• **Aim of the exercise**
All that is needed is a count of the lines in this data that contain the word "also".

======

lemma sum_prod_add_le:
  fixes c d :: "'b \<Rightarrow> real"
  assumes "finite I" "finite A" "S \<subseteq> PiE I (\<lambda>_. A)" "0 \<le> B"
    and cd: "\<And>x. x \<in> A \<Longrightarrow> 0 \<le> d x \<and> d x \<le> c x"
  shows "(\<Sum>s\<in>S. \<Prod>j\<in>I. c (s j) + B * d (s j))
    \<le> (\<Sum>s\<in>S. \<Prod>j\<in>I. c (s j)) + sum d A * sum c A ^ (card I - 1) * (1 + B) ^ card I"
proof -
  define Q where "Q = Pow I - {{}}"
  define mixed where "mixed s J = (\<Prod>j\<in>J. B * d (s j)) * (\<Prod>j\<in>I - J. c (s j))" for s J
  have fin: "finite (PiE I (\<lambda>_. A))" "finite Q"
    using assms(1,2) by (simp_all add: finite_PiE Q_def)
  have mixed_nonneg: "0 \<le> mixed s J" if "s \<in> PiE I (\<lambda>_. A)" "J \<in> Q" for s J
    using that cd assms(4) unfolding mixed_def Q_def
    by (intro mult_nonneg_nonneg prod_nonneg) (force simp: PiE_mem)+
  have "(\<Sum>s\<in>S. \<Sum>J\<in>Q. mixed s J) \<le> (\<Sum>s\<in>PiE I (\<lambda>_. A). \<Sum>J\<in>Q. mixed s J)"
    using fin assms(3) mixed_nonneg by (intro sum_mono2 sum_nonneg) auto
  also have "\<dots> = (\<Sum>J\<in>Q. \<Sum>s\<in>PiE I (\<lambda>_. A). mixed s J)"
    by (rule sum.swap)
  also have "\<dots> \<le> (\<Sum>J\<in>Q. B ^ card J * (sum d A * sum c A ^ (card I - 1)))"
    unfolding mixed_def Q_def using assms by (intro sum_mono sum_PiE_mixed_prod_le) auto
  also have "\<dots> = (\<Sum>J\<in>Q. B ^ card J) * (sum d A * sum c A ^ (card I - 1))"
    by (simp add: sum_distrib_right)
  also have "\<dots> \<le> (\<Sum>J\<in>Pow I. B ^ card J) * (sum d A * sum c A ^ (card I - 1))"
  proof (rule mult_right_mono)
    show "(\<Sum>J\<in>Q. B ^ card J) \<le> (\<Sum>J\<in>Pow I. B ^ card J)"
      using assms(1,4) by (intro sum_mono2) (auto simp: Q_def)
    have "\<And>x. x \<in> A \<Longrightarrow> 0 \<le> c x"
      using cd by (meson order_trans)
    then show "0 \<le> sum d A * sum c A ^ (card I - 1)"
      using cd by (simp add: sum_nonneg)
  qed
  finally have "(\<Sum>s\<in>S. \<Sum>J\<in>Q. mixed s J) \<le> sum d A * sum c A ^ (card I - 1) * (1 + B) ^ card I"
    using assms(1) by (simp add: sum_power_card_Pow mult.commute)
  moreover have "(\<Prod>j\<in>I. c (s j) + B * d (s j)) = (\<Prod>j\<in>I. c (s j)) + (\<Sum>J\<in>Q. mixed s J)" for s
    unfolding Q_def mixed_def using assms(1) by (rule prod_add_eq_prod_plus_sum_nonempty)
  ultimately show ?thesis
    by (simp add: sum.distrib)
qed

======

• **Answer to the exercise**
4